Stored data:
--- START ---

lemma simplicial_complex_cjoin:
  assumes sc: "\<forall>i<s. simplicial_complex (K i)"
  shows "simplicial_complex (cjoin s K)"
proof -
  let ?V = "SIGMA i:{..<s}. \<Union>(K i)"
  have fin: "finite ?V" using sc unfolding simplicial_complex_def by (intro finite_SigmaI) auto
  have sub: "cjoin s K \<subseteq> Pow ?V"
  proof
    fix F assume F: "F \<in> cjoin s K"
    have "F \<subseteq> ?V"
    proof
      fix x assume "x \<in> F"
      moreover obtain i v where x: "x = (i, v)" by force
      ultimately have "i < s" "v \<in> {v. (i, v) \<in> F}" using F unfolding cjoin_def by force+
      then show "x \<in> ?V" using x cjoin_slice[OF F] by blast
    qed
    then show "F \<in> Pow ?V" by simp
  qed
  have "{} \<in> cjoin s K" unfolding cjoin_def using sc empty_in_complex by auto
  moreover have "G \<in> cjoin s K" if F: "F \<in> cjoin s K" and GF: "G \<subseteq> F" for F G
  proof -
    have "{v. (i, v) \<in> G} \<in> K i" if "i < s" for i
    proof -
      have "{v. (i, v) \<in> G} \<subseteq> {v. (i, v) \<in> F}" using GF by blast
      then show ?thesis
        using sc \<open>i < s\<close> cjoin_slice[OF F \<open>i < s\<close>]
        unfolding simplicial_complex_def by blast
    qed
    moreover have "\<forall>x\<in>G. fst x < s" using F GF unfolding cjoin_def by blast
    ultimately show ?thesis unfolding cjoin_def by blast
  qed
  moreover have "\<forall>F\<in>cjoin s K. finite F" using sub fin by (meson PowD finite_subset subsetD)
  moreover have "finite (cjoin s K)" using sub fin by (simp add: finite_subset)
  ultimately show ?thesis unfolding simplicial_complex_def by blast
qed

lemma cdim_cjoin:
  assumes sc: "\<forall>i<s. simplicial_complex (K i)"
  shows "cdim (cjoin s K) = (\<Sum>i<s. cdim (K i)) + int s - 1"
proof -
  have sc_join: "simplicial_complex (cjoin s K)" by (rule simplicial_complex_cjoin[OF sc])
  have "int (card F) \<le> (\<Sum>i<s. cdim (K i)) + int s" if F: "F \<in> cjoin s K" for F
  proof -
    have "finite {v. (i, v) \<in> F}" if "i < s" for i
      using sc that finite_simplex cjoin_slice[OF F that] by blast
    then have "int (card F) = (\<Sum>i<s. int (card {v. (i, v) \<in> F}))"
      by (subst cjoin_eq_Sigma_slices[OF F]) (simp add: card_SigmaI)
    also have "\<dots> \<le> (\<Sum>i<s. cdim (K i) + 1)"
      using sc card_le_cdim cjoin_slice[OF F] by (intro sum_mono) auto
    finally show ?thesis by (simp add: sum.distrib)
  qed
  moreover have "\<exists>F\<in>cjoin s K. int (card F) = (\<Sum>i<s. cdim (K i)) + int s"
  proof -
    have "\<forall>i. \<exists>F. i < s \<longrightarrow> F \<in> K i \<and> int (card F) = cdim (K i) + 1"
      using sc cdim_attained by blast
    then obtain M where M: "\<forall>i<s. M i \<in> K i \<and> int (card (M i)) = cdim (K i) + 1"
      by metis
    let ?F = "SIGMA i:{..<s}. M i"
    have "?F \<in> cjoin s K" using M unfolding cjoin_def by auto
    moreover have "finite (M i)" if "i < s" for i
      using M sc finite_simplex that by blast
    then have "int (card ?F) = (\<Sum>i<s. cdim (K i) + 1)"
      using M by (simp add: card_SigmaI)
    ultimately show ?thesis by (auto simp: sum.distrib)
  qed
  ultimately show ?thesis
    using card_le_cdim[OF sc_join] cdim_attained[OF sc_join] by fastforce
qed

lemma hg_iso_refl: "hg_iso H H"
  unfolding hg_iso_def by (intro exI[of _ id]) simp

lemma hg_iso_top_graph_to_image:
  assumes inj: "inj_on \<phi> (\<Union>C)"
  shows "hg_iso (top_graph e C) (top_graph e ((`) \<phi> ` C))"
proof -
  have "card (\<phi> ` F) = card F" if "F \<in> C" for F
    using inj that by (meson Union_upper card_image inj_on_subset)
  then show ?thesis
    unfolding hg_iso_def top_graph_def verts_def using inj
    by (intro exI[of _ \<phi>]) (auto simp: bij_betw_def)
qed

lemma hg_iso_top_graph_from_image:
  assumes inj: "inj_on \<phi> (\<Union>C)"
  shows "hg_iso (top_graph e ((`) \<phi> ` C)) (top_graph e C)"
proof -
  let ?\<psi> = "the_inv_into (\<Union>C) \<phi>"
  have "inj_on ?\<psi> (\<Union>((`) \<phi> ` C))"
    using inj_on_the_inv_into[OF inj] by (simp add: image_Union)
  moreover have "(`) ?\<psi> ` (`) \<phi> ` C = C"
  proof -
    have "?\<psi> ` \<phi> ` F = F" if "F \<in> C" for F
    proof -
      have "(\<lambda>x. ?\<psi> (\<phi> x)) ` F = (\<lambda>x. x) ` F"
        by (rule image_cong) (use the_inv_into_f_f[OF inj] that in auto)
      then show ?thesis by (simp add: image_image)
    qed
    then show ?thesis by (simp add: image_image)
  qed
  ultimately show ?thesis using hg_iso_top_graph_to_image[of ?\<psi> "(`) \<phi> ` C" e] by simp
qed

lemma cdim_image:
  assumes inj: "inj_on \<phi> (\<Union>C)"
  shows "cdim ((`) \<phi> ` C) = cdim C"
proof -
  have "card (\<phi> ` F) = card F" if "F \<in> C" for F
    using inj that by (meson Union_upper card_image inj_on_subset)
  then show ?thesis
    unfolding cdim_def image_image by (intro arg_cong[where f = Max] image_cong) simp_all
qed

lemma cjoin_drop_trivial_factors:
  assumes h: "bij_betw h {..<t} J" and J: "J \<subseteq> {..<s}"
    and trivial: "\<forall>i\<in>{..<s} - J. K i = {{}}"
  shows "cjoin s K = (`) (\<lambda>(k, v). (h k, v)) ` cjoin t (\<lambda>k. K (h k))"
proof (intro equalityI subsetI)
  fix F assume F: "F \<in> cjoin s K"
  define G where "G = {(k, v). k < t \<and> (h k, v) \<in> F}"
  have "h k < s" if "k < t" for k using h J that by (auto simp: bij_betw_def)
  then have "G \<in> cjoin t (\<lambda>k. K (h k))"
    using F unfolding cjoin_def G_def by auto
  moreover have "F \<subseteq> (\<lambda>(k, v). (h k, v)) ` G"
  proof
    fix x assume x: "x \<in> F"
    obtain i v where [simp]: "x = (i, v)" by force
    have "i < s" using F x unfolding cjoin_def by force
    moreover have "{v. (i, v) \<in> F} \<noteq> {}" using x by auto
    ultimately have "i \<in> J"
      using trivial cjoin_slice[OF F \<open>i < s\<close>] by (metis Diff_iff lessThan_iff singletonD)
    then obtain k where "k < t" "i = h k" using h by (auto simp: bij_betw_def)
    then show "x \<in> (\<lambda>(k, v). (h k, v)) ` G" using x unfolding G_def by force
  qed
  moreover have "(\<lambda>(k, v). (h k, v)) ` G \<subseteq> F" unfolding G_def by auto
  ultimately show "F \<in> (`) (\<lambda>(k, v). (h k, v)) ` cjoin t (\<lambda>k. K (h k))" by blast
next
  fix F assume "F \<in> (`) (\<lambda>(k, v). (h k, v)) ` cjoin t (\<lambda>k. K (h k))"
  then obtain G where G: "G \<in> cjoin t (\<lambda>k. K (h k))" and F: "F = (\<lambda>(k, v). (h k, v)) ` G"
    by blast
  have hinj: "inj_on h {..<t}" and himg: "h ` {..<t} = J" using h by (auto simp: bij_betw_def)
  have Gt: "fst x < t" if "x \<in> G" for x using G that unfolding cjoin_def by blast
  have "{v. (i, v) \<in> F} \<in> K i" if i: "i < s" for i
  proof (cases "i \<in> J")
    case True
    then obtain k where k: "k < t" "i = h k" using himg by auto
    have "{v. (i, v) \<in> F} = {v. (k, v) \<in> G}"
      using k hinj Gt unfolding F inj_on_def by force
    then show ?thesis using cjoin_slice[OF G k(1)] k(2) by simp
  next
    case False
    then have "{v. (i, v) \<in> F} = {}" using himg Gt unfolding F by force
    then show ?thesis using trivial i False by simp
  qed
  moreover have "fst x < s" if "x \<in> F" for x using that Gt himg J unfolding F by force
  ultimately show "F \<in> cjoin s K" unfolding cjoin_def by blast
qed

--- END ---

**Exercise objective:** Collect from the data above every line that includes "himg".

**Your solution:**
  have hinj: "inj_on h {..<t}" and himg: "h ` {..<t} = J" using h by (auto simp: bij_betw_def)
    then obtain k where k: "k < t" "i = h k" using himg by auto
    then have "{v. (i, v) \<in> F} = {}" using himg Gt unfolding F by force
  moreover have "fst x < s" if "x \<in> F" for x using that Gt himg J unfolding F by force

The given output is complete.